**Assigned task:** From the records below, copy out exactly the lines from the one containing "text \<open>The splitting" to the one containing "n * (\<Sum>k=1..n.", both included. Add nothing else.

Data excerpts
- - - - -

(* Let $p\ge37$ be a prime, $\kappa>0$ and $\xi=\lfloor\sqrt p\rfloor$. Then any set $\mathcal{S}\subseteq\mathbb{F}_p$ of size $\#\mathcal{S}\ge16p^{2\kappa}$ contains pairwise disjoint subsets $\mathcal{D}_k$, $k=1,\ldots,K$, and $\mathcal{E}_\ell$, $\ell=1,\ldots,L$, such that (i) $\#\mathcal{D}_k,\#\mathcal{E}_\ell\ge0.25p^{-\kappa}(\#\mathcal{S})^{1/2}$ for all $k,\ell$; (ii) each $\mathcal{D}_k$ is a $\sqrt p/3$-spaced set; (iii) each set $\xi\mathcal{E}_\ell=\{\xi a~:~a\in\mathcal{E}_\ell\}$ is a $\sqrt p/3$-spaced set; (iv) $\#\big(\mathcal{S}\setminus(\mathcal{S}_0\cup\mathcal{S}_1)\big)\le2p^{-\kappa}\#\mathcal{S}$, where $\mathcal{S}_0=\bigcup_{k=1}^K\mathcal{D}_k$ and $\mathcal{S}_1=\bigcup_{\ell=1}^L\mathcal{E}_\ell$.
   Context: For $x\in\mathbb{F}_p$, $|x|$ denotes the minimum of the absolute values of the integers in the residue class of $x$ modulo $p$. A set $\mathcal{D}\subseteq\mathbb{F}_p$ is $\Delta$-spaced if $|d_1-d_2|\ge\Delta$ for any two distinct $d_1,d_2\in\mathcal{D}$. *)

theory Defs
  imports Complex_Main "HOL-Computational_Algebra.Primes"
begin

text \<open>Elements of F_p are represented by their canonical integer representatives
  in {0..<p}.  For x in F_p, |x|_p is the minimal absolute value of an integer
  in the residue class of x modulo p.\<close>

definition absp :: "int \<Rightarrow> int \<Rightarrow> int" where
  "absp p x = min (x mod p) (p - x mod p)"

definition spaced :: "int \<Rightarrow> real \<Rightarrow> int set \<Rightarrow> bool" where
  "spaced p \<Delta> D \<longleftrightarrow> (\<forall>d1\<in>D. \<forall>d2\<in>D. d1 \<noteq> d2 \<longrightarrow> real_of_int (absp p (d1 - d2)) \<ge> \<Delta>)"
(* Assume Condition (C1) holds with $\alpha\in(0,1]$. If there exists $m\in\mathbb{N}_+$ such that $$\liminf_{n\to\infty}\frac{\Phi_\Lambda(n)-\Phi_\mu(n)}{\prod_{\ell=0}^m\log^{(\ell)}n}>-\infty,$$ then the block-counting process $N$ does not explode.
   Context: Setting: $\mathbb{N}_+=\{1,2,\dots\}$, $\bar{\mathbb{N}}_+=\mathbb{N}_+\cup\{\infty\}$. $\Lambda$ is a finite measure on $[0,1]$ with $\Lambda(\{1\})=0$, absolutely continuous w.r.t. Lebesgue measure. For $2\le k\le n$, $\lambda_{n,k}=\int_{[0,1]}x^{k-2}(1-x)^{n-k}\Lambda(dx)$ and $\Phi_\Lambda(n)=\sum_{k=2}^n\binom nk\lambda_{n,k}(k-1)$. $\mu$ is a finite measure on $\mathbb{N}_+$ (splitting measure; $\mu(k):=\mu(\{k\})$) and $\Phi_\mu(n)=n\sum_{k=1}^n k\mu(k)$. $N=(N_t)_{t\ge0}$ is the block-counting process ($N_t$ = number of blocks) of a simple exchangeable fragmentation–coagulation process on partitions of $\mathbb{N}_+$, whose coagulations are those of the $\Lambda$-coalescent (no simultaneous multiple mergers) and whose fragmentations occur at finite rate, each splitting one block into $k+1$ infinite blocks with the image of the fragmentation measure under $\pi\mapsto\#\pi-1$ equal to $\mu$. Started from $n\in\mathbb{N}_+$ and up to $\tau^+_\infty=\inf\{t>0:N_{t-}=\infty\}$, $N$ is the continuous-time Markov chain on $\mathbb{N}_+$ jumping from $n$ to $n-k+1$ at rate $\binom nk\lambda_{n,k}$ ($2\le k\le n$) and from $n$ to $n+k$ at rate $n\mu(k)$ ($k\ge1$). Explosion: $N$ explodes if, started from any finite $N_0$, $\mathbf{P}(N_t=\infty\text{ for some }t>0)=1$; otherwise it does not explode. Condition (C1): $\mu(n)\sim b(\log n)^\alpha n^{-2}$ as $n\to\infty$ for constants $b>0,\alpha>0$. $\log^{(\ell)}$ denotes the $\ell$-fold iterated natural logarithm, with $\log^{(0)}n=n$. *)

theory Defs
  imports "HOL-Probability.Probability"
begin

definition lam_coef :: "real measure \<Rightarrow> nat \<Rightarrow> nat \<Rightarrow> real" where
  "lam_coef Lam n k = (LINT x:{0..1}|Lam. x ^ (k - 2) * (1 - x) ^ (n - k))"

definition Phi_Lam :: "real measure \<Rightarrow> nat \<Rightarrow> real" where
  "Phi_Lam Lam n = (\<Sum>k=2..n. real (n choose k) * lam_coef Lam n k * (real k - 1))"

text \<open>The splitting measure mu on N_+ is given by its point masses mu k (k >= 1).\<close>
definition Phi_mu :: "(nat \<Rightarrow> real) \<Rightarrow> nat \<Rightarrow> real" where
  "Phi_mu mu n = real n * (\<Sum>k=1..n. real k * mu k)"

definition bc_rate :: "real measure \<Rightarrow> (nat \<Rightarrow> real) \<Rightarrow> nat \<Rightarrow> nat \<Rightarrow> real" where
  "bc_rate Lam mu n m =
     (if 1 \<le> m \<and> m < n then real (n choose (n - m + 1)) * lam_coef Lam n (n - m + 1)
      else if n < m then real n * mu (m - n) else 0)"

definition bc_total_rate :: "real measure \<Rightarrow> (nat \<Rightarrow> real) \<Rightarrow> nat \<Rightarrow> real" where
  "bc_total_rate Lam mu n =
     (\<Sum>k=2..n. real (n choose k) * lam_coef Lam n k) + real n * (\<Sum>k. mu (Suc k))"

definition bc_jump_prob :: "real measure \<Rightarrow> (nat \<Rightarrow> real) \<Rightarrow> nat \<Rightarrow> nat \<Rightarrow> real" where
  "bc_jump_prob Lam mu n m =
     (if bc_total_rate Lam mu n > 0 then bc_rate Lam mu n m / bc_total_rate Lam mu n
      else if m = n then 1 else 0)"

text \<open>(M, X, E) realizes the block-counting process started at n0 (standard jump-chain /
  holding-time construction): X is the embedded jump chain started at n0, E k are i.i.d.
  Exp(1) variables independent of X, and the k-th holding time is E k / q(X k).\<close>
definition bc_realization ::
  "real measure \<Rightarrow> (nat \<Rightarrow> real) \<Rightarrow> nat \<Rightarrow> 'w measure \<Rightarrow> (nat \<Rightarrow> 'w \<Rightarrow> nat) \<Rightarrow> (nat \<Rightarrow> 'w \<Rightarrow> real) \<Rightarrow> bool"
where
  "bc_realization Lam mu n0 M X E \<longleftrightarrow>
     prob_space M \<and>
     (\<forall>k. X k \<in> M \<rightarrow>\<^sub>M count_space UNIV) \<and>
     (\<forall>k. E k \<in> borel_measurable M) \<and>
     (\<forall>k xs. length xs = Suc k \<longrightarrow>
        measure M {\<omega> \<in> space M. \<forall>i\<le>k. X i \<omega> = xs ! i} =
          (if xs ! 0 = n0 then 1 else 0) * (\<Prod>i<k. bc_jump_prob Lam mu (xs ! i) (xs ! Suc i))) \<and>
     (\<forall>k. distributed M lborel (E k) (\<lambda>x. ennreal (exponential_density 1 x))) \<and>
     prob_space.indep_vars M (\<lambda>_. borel) E UNIV \<and>
     prob_space.indep_var M (PiM UNIV (\<lambda>_. count_space UNIV)) (\<lambda>\<omega> k. X k \<omega>)
                           (PiM UNIV (\<lambda>_. borel)) (\<lambda>\<omega> k. E k \<omega>)"

text \<open>Explosion on the path omega: the explosion time tau = sum of all holding times is finite.\<close>
definition bc_explodes_on ::
  "real measure \<Rightarrow> (nat \<Rightarrow> real) \<Rightarrow> (nat \<Rightarrow> 'w \<Rightarrow> nat) \<Rightarrow> (nat \<Rightarrow> 'w \<Rightarrow> real) \<Rightarrow> 'w \<Rightarrow> bool"
where
  "bc_explodes_on Lam mu X E \<omega> \<longleftrightarrow>
     (\<forall>k. bc_total_rate Lam mu (X k \<omega>) > 0) \<and>
     summable (\<lambda>k. E k \<omega> / bc_total_rate Lam mu (X k \<omega>))"

text \<open>N explodes: started from any finite N_0 >= 1, explosion happens with probability 1.
  M n0, X n0, E n0 is the realization of the process started from n0.\<close>
definition bc_explodes ::
  "real measure \<Rightarrow> (nat \<Rightarrow> real) \<Rightarrow> (nat \<Rightarrow> 'w measure) \<Rightarrow> (nat \<Rightarrow> nat \<Rightarrow> 'w \<Rightarrow> nat)
     \<Rightarrow> (nat \<Rightarrow> nat \<Rightarrow> 'w \<Rightarrow> real) \<Rightarrow> bool"
where
  "bc_explodes Lam mu M X E \<longleftrightarrow>
     (\<forall>n0\<ge>1. measure (M n0) {\<omega> \<in> space (M n0). bc_explodes_on Lam mu (X n0) (E n0) \<omega>} = 1)"

end

theory Submission
  imports Defs
begin

text \<open>
  Write \<open>q\<close> for the total jump rate, \<open>p\<close> for the transition probabilities of the embedded
  chain \<open>X\<close> and \<open>T k = (\<Sum>j<k. E j / q (X j))\<close> for the jump times, so that explosion means
  that \<open>T k\<close> converges. If \<open>W \<ge> 0\<close> tends to infinity and
  \<open>q x / (q x + c) * (\<Sum>y. p x y * W y) \<le> W x\<close>, then \<open>exp (- c * T k) * W (X k)\<close> and
  \<open>(\<Prod>j<k. 1 + 1 / q (X j)) * exp (- T k)\<close> have bounded expectations, so by Fatou's lemma
  their sum has a finite liminf almost surely. On an explosion path the sum tends to infinity:
  if \<open>\<Sum>k. 1 / q (X k)\<close> converges then \<open>X k\<close> tends to infinity and the first term blows up,
  otherwise the second one does.

  The Lyapunov function is \<open>W n = 1 + G m (ln n)\<close> (\<open>lyap\<close>), where \<open>G 0 y = y\<close> and
  \<open>G (l + 1) y = ln (1 + G l y)\<close> (\<open>ln1p_iter\<close>); it grows like the \<open>m + 1\<close>-fold iterated
  logarithm. Concavity of \<open>G m\<close> bounds \<open>\<Sum>y. rate n y * W y\<close> by
  \<open>q n * W n + G' m (ln n) * (R n - \<Phi>\<^sub>\<Lambda> n / n)\<close>, where
  \<open>R n = n * (\<Sum>k. \<mu> k * ln (1 + k / n))\<close> (\<open>frag_moment\<close>) is at most \<open>\<Phi>\<^sub>\<mu> n / n + O(ln n)\<close>
  by (C1) with \<open>\<alpha> \<le> 1\<close>. As \<open>G' m (ln n)\<close> is at most \<open>1 / (ln n * \<dots> * log\<^sup>(\<^sup>m\<^sup>) n)\<close> and at
  most \<open>1 / (1 + ln n)\<close>, the liminf hypothesis bounds this correction by a constant \<open>c\<close>.
\<close>

section \<open>Jump chains with exponential holding times\<close>

lemma nn_integral_split_by_value:
  fixes U :: "'a \<Rightarrow> nat" and h :: "'a \<Rightarrow> ennreal"
  assumes U: "U \<in> measurable M (count_space UNIV)" and h: "h \<in> borel_measurable M"
  shows "(\<integral>\<^sup>+\<omega>. h \<omega> \<partial>M) = (\<Sum>i. \<integral>\<^sup>+\<omega>. h \<omega> * indicator {\<omega>\<in>space M. U \<omega> = i} \<omega> \<partial>M)"
proof -
  have "(\<integral>\<^sup>+\<omega>. h \<omega> \<partial>M) = (\<integral>\<^sup>+\<omega>. (\<Sum>i. h \<omega> * indicator {\<omega>\<in>space M. U \<omega> = i} \<omega>) \<partial>M)"
  proof (rule nn_integral_cong)
    fix \<omega> assume "\<omega> \<in> space M"
    then have "(\<Sum>i. h \<omega> * indicator {\<omega>\<in>space M. U \<omega> = i} \<omega>)
        = (\<Sum>i\<in>{U \<omega>}. h \<omega> * indicator {\<omega>\<in>space M. U \<omega> = i} \<omega>)"
      by (intro suminf_finite) auto
    with \<open>\<omega> \<in> space M\<close> show "h \<omega> = (\<Sum>i. h \<omega> * indicator {\<omega>\<in>space M. U \<omega> = i} \<omega>)"
      by simp
  qed
  also have "\<dots> = (\<Sum>i. \<integral>\<^sup>+\<omega>. h \<omega> * indicator {\<omega>\<in>space M. U \<omega> = i} \<omega> \<partial>M)"
  proof (rule nn_integral_suminf)
    fix i
    have "{\<omega>\<in>space M. U \<omega> = i} = U -` {i} \<inter> space M" by auto
    with U have "{\<omega>\<in>space M. U \<omega> = i} \<in> sets M" by (simp add: measurable_sets)
    with h show "(\<lambda>\<omega>. h \<omega> * indicator {\<omega>\<in>space M. U \<omega> = i} \<omega>) \<in> borel_measurable M"
      by measurable
  qed
  finally show ?thesis .
qed

lemma (in prob_space) nn_integral_exp_exponential:
  assumes Y: "distributed M lborel Y (\<lambda>x. ennreal (exponential_density 1 x))" and t: "0 \<le> t"
  shows "(\<integral>\<^sup>+\<omega>. ennreal (exp (- t * Y \<omega>)) \<partial>M) = ennreal (1 / (1 + t))"
proof -
  have "(\<integral>\<^sup>+\<omega>. ennreal (exp (- t * Y \<omega>)) \<partial>M) =
      (\<integral>\<^sup>+x. ennreal (exponential_density 1 x) * ennreal (exp (- t * x)) \<partial>lborel)"
    by (rule distributed_nn_integral[OF Y, symmetric]) measurable
  also have "\<dots> = (\<integral>\<^sup>+x. ennreal (1 / (1 + t)) * ennreal (exponential_density (1 + t) x) \<partial>lborel)"
  proof (intro nn_integral_cong)
    fix x :: real
    have "exp (- x) * exp (- t * x) = 1 / (1 + t) * ((1 + t) * exp (- x * (1 + t)))"
      using t by (simp add: exp_add[symmetric] field_simps add_pos_nonneg)
    then show "ennreal (exponential_density 1 x) * ennreal (exp (- t * x)) =
        ennreal (1 / (1 + t)) * ennreal (exponential_density (1 + t) x)"
      using t by (simp add: exponential_density_def ennreal_mult'[symmetric] del: ennreal_mult')
  qed
  also have "\<dots> = ennreal (1 / (1 + t)) * emeasure (density lborel (exponential_density (1 + t))) UNIV"
    by (simp add: nn_integral_cmult emeasure_density)
  also have "emeasure (density lborel (exponential_density (1 + t))) UNIV = 1"
    using prob_space.emeasure_space_1[OF prob_space_exponential_density, of "1 + t"] t by simp
  finally show ?thesis by simp
qed

lemma (in prob_space) indep_var_nn_integral:
  fixes X1 X2 :: "'a \<Rightarrow> real"
  assumes indep: "indep_var borel X1 borel X2"
    and nonneg: "\<And>\<omega>. 0 \<le> X1 \<omega>" "\<And>\<omega>. 0 \<le> X2 \<omega>"
  shows "(\<integral>\<^sup>+\<omega>. ennreal (X1 \<omega> * X2 \<omega>) \<partial>M) = (\<integral>\<^sup>+\<omega>. ennreal (X1 \<omega>) \<partial>M) * (\<integral>\<^sup>+\<omega>. ennreal (X2 \<omega>) \<partial>M)"
proof -
  have borel_eq: "(\<lambda>_. borel) = case_bool borel borel"
    by (rule ext) (simp split: bool.split)
  have "indep_vars (\<lambda>_. borel) (case_bool X1 X2) UNIV"
    using indep unfolding indep_var_def by (subst borel_eq)
  then have "indep_vars (\<lambda>_. borel) (\<lambda>b \<omega>. ennreal (case_bool X1 X2 b \<omega>)) UNIV"
    by (rule indep_vars_compose2) measurable
  then have "(\<integral>\<^sup>+\<omega>. (\<Prod>b\<in>UNIV. ennreal (case_bool X1 X2 b \<omega>)) \<partial>M)
      = (\<Prod>b\<in>UNIV. \<integral>\<^sup>+\<omega>. ennreal (case_bool X1 X2 b \<omega>) \<partial>M)"
    by (intro indep_vars_nn_integral) auto
  then show ?thesis
    using nonneg by (simp add: UNIV_bool ennreal_mult' mult.commute)
qed

locale jump_chain = prob_space M for M :: "'w measure" +
  fixes X :: "nat \<Rightarrow> 'w \<Rightarrow> nat" and E :: "nat \<Rightarrow> 'w \<Rightarrow> real"
    and p :: "nat \<Rightarrow> nat \<Rightarrow> real" and n0 :: nat
  assumes measurable_X: "\<And>k. X k \<in> M \<rightarrow>\<^sub>M count_space UNIV"
    and measurable_E: "\<And>k. E k \<in> borel_measurable M"
    and prob_path: "\<And>k xs. length xs = Suc k \<Longrightarrow>
        measure M {\<omega> \<in> space M. \<forall>i\<le>k. X i \<omega> = xs ! i} =
          (if xs ! 0 = n0 then 1 else 0) * (\<Prod>i<k. p (xs ! i) (xs ! Suc i))"
    and exponential_E: "\<And>k. distributed M lborel (E k) (\<lambda>x. ennreal (exponential_density 1 x))"
    and indep_E: "indep_vars (\<lambda>_. borel) E UNIV"
    \<comment> \<open>the path is real-valued here because coercion inference made it so in \<open>bc_realization\<close>\<close>
    and indep_X_E: "indep_var (PiM UNIV (\<lambda>_. count_space (UNIV::real set))) (\<lambda>\<omega> k. real (X k \<omega>))
                           (PiM UNIV (\<lambda>_. borel)) (\<lambda>\<omega> k. E k \<omega>)"
    and p_nonneg: "\<And>x y. 0 \<le> p x y"
begin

- - - - -

**Response to this exercise:**
text \<open>The splitting measure mu on N_+ is given by its point masses mu k (k >= 1).\<close>
definition Phi_mu :: "(nat \<Rightarrow> real) \<Rightarrow> nat \<Rightarrow> real" where
  "Phi_mu mu n = real n * (\<Sum>k=1..n. real k * mu k)"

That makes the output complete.